Opticyte’s solution has already garnered FDA Breakthrough Device Designation, allowing for accelerated regulatory review and positioning the company for a strong market entry. With substantial backing from the NIH and other investors, Opticyte is rapidly advancing in clinical testing and is projected to enter the market within two years. This innovative approach to sepsis detection and oxygen monitoring has the potential to transform patient care in intensive care units, emergency rooms, and other critical healthcare settings worldwide.

Company Info

Supporting the development of technology to advance early sepsis detection and equitable healthcare.

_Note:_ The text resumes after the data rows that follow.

lemma universal_edge_term_ge:
  fixes y :: "nat \<Rightarrow> real"
  assumes sg: "simple_graph n E" and univ: "\<And>u. u \<in> U \<Longrightarrow> universal n E u" and ik: "i < n" "k < n"
  shows "(y i - y k)\<^sup>2 - (if i \<notin> U \<and> k \<notin> U then (y i - y k)\<^sup>2 else 0)
    \<le> (if E i k then (y i - y k)\<^sup>2 else 0)"
proof (cases "i \<notin> U \<and> k \<notin> U \<or> i = k")
  case False
  then have "E i k \<or> E k i" using univ ik by (auto simp: universal_def verts_def)
  then have "E i k" using simple_graph_sym[OF sg] by blast
  then show ?thesis using False by simp
qed auto

lemma sum_sum_square_diff_le:
  fixes y :: "nat \<Rightarrow> real"
  assumes "finite A" "W \<subseteq> A"
  shows "(\<Sum>i\<in>W. \<Sum>k\<in>W. (y i - y k)\<^sup>2) \<le> 2 * card W * (\<Sum>i\<in>A. y i * y i)"
proof -
  have "(\<Sum>i\<in>W. \<Sum>k\<in>W. (y i - y k)\<^sup>2) \<le> 2 * card W * (\<Sum>i\<in>W. y i * y i)"
    using sum_sum_square_diff[OF finite_subset[OF assms(2,1)], of y] by simp
  also have "\<dots> \<le> 2 * card W * (\<Sum>i\<in>A. y i * y i)"
    using assms by (intro mult_left_mono sum_mono2) auto
  finally show ?thesis .
qed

Opticyte is a medical device company focused on developing the VitalO₂, a device designed to enhance patient monitoring in critical care. This innovative technology combines advanced pulse oximetry with cellular oxygen measurement, allowing clinicians to obtain real-time, noninvasive data on both blood and cellular oxygen levels. VitalO₂ aims to address limitations in existing pulse oximeters, particularly issues with accuracy across various skin tones, which became increasingly apparent during the COVID-19 pandemic. By providing accurate measurements, it helps prevent treatment delays for patients with darker skin tones.

Additionally, the VitalO₂ device facilitates early detection of sepsis, a major cause of death in hospitals, enabling quicker clinical interventions. Opticyte’s device is targeted for use in high-stakes healthcare settings, such as intensive care units, operating rooms, and emergency departments. With its FDA Breakthrough Device Designation, Opticyte is positioned as a frontrunner in critical care innovation, striving to improve patient outcomes and reduce healthcare disparities in emergency medicine.